I have an old 100 GB hard drive from a windows laptop that I would like to make use of as a portable, external hard drive. I ordered a cheap case on Amazon and it works fine. However, the disk is still unreadable by my iMac. How do I reformat the hard drive (in Disk Utility?) so that I can use it to just store files for me?

When I plugged my hard drive into my computer, a message came up saying that it was unreadable by this operating system. I opened up Disk Utility and I can view it there.

The main essence of my question is what can I do from an application like Disk Utility that will enable me to use the hard drive for file storage on my mac.

Details on the hard drive:

  • Case connects to SATA which is an adapter to a USB cable.
  • Connected through USB 2.0 to built in USB port on my iMac 10.8.2

Best Answer

Have you opened Disk Utility and tried to format it already? Sometimes a drive will not appear on the desktop, but will appear in Disk Utility.

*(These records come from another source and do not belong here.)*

(* Let $P\in\mathbb{C}[y]$ with $\deg P\geq 2$, $\delta\in\mathbb{C}\setminus\{0\}$, $h_1(x,y)=(y,P(y)-\delta x)$, $\theta\in(0,2\pi)\setminus\{\frac{\pi}{2},\pi,\frac{3\pi}{2}\}$, $R_\theta$ the linear map of $\mathbb{C}^2$ with matrix $\begin{pmatrix}\cos\theta&-\sin\theta\\ \sin\theta&\cos\theta\end{pmatrix}$, and $h_2=R_\theta^{-1}\circ h_1\circ R_\theta$. Then the group $G=\langle h_1,h_2\rangle$ of automorphisms of $\mathbb{C}^2$ is isomorphic to the free group on two generators (freely generated by $h_1,h_2$). *)

theory Defs
  imports Complex_Main "HOL-Computational_Algebra.Polynomial"
begin

definition henon :: "complex poly \<Rightarrow> complex \<Rightarrow> complex \<times> complex \<Rightarrow> complex \<times> complex" where
  "henon P d = (\<lambda>(x, y). (y, poly P y - d * x))"

definition rot :: "real \<Rightarrow> complex \<times> complex \<Rightarrow> complex \<times> complex" where
  "rot t = (\<lambda>(x, y). (complex_of_real (cos t) * x - complex_of_real (sin t) * y,
                       complex_of_real (sin t) * x + complex_of_real (cos t) * y))"

text \<open>Words in the free group on two letters: a letter is (g, e) where g selects the
  generator (False = first, True = second) and e = True means the inverse of that generator.\<close>
type_synonym letter = "bool \<times> bool"

definition reduced_word :: "letter list \<Rightarrow> bool" where
  "reduced_word w \<longleftrightarrow> (\<forall>i. Suc i < length w \<longrightarrow>
      \<not> (fst (w ! i) = fst (w ! Suc i) \<and> snd (w ! i) \<noteq> snd (w ! Suc i)))"

definition eval_letter :: "('a \<Rightarrow> 'a) \<Rightarrow> ('a \<Rightarrow> 'a) \<Rightarrow> letter \<Rightarrow> ('a \<Rightarrow> 'a)" where
  "eval_letter f g l = (let h = (if fst l then g else f) in if snd l then inv h else h)"

definition eval_word :: "('a \<Rightarrow> 'a) \<Rightarrow> ('a \<Rightarrow> 'a) \<Rightarrow> letter list \<Rightarrow> ('a \<Rightarrow> 'a)" where
  "eval_word f g w = foldr (\<lambda>l acc. eval_letter f g l \<circ> acc) w id"

definition freely_generate :: "('a \<Rightarrow> 'a) \<Rightarrow> ('a \<Rightarrow> 'a) \<Rightarrow> bool" where
  "freely_generate f g \<longleftrightarrow> (\<forall>w. w \<noteq> [] \<and> reduced_word w \<longrightarrow> eval_word f g w \<noteq> id)"

end

theory Submission
  imports Defs "HOL-Computational_Algebra.Fundamental_Theorem_Algebra"
begin

text \<open>Ping-pong. For small e > 0 and large R let V+ be the cone |x| \<le> e|y|, |y| \<ge> R, let V- be
  its mirror image |y| \<le> e|x|, |x| \<ge> R, and let D be the set of points whose coordinates agree
  up to the factor 2e and have size at least eR. Since deg P \<ge> 2, P(y) dominates every linear
  term for large y, so h1 maps V+ \<union> D into V+ and h1^-1 maps V- \<union> D into V-. Since neither
  sin theta nor cos theta vanishes, R_theta and its inverse map V+ \<union> V- into D. Hence V+, V-
  and their preimages under R_theta are disjoint ping-pong regions for h1, h1^-1, h2, h2^-1: a
  nonempty reduced word sends a point of a region chosen away from those of its first and last
  letters into the region of its first letter, so it is not the identity.\<close>

definition inverse_letter :: "letter \<Rightarrow> letter" where
  "inverse_letter l = (fst l, \<not> snd l)"

lemma reduced_word_Cons_Cons:
  "reduced_word (l # l' # w) \<longleftrightarrow> l' \<noteq> inverse_letter l \<and> reduced_word (l' # w)"
  unfolding reduced_word_def inverse_letter_def
  by (auto simp: prod_eq_iff nth_Cons split: nat.splits)

lemma eval_word_Cons: "eval_word f g (l # w) = eval_letter f g l \<circ> eval_word f g w"
  by (simp add: eval_word_def)

lemma ex_letter_avoiding: "\<exists>l :: letter. l \<noteq> a \<and> l \<noteq> b"
proof -
  have "\<exists>l \<in> {(False, False), (False, True), (True, False)}. l \<noteq> a \<and> l \<noteq> b" by auto
  then show ?thesis by blast
qed

context
  fixes f g :: "'a \<Rightarrow> 'a" and X :: "letter \<Rightarrow> 'a set"
  assumes maps: "\<And>l l' p. l' \<noteq> inverse_letter l \<Longrightarrow> p \<in> X l' \<Longrightarrow> eval_letter f g l p \<in> X l"
begin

I've had windows drives show up sometimes, and not other times. What you could do to make it more likely to show up is go to an available (hopefully not too difficult) windows machine and reformat the drive as a FAT/MS-DOS drive (don't do quick-format). This should be easier for the mac to see.

Once you can see the blank FAT formatted drive, open Disk Utility and then select it on the left sidebar and erase it again as a "Mac OS Extended (Journaled)" (HFS+) format.

There are other methods like using an emulation environment like Parallels Desktop (IMHO bad SW company), VMWare Fusion (my choice), or VirtualBox (free) (all of these require a windows install disc); or you could even try using programs like MacFuse or NTFS-3G, Tuxera, etc., to mount windows (NTFS) drives directly in the Finder. But unless a mac you can find has one of these solutions, it's probably not worth it to go through the trouble just to erase one drive.

Lastly, I've also had some external USB enclosures not show up on some versions of OS X! So the cheapy enclosure you got just might not work with your installation anyway?

Details that might be helpful for potential helpers:
HD interface PATA/ATA/IDE or SATA?
OS X Version?
iMac model year or identifier?
Enclosure is assumed to be USB 2.0 high speed plugged into built-in port on iMac. Correct if wrong.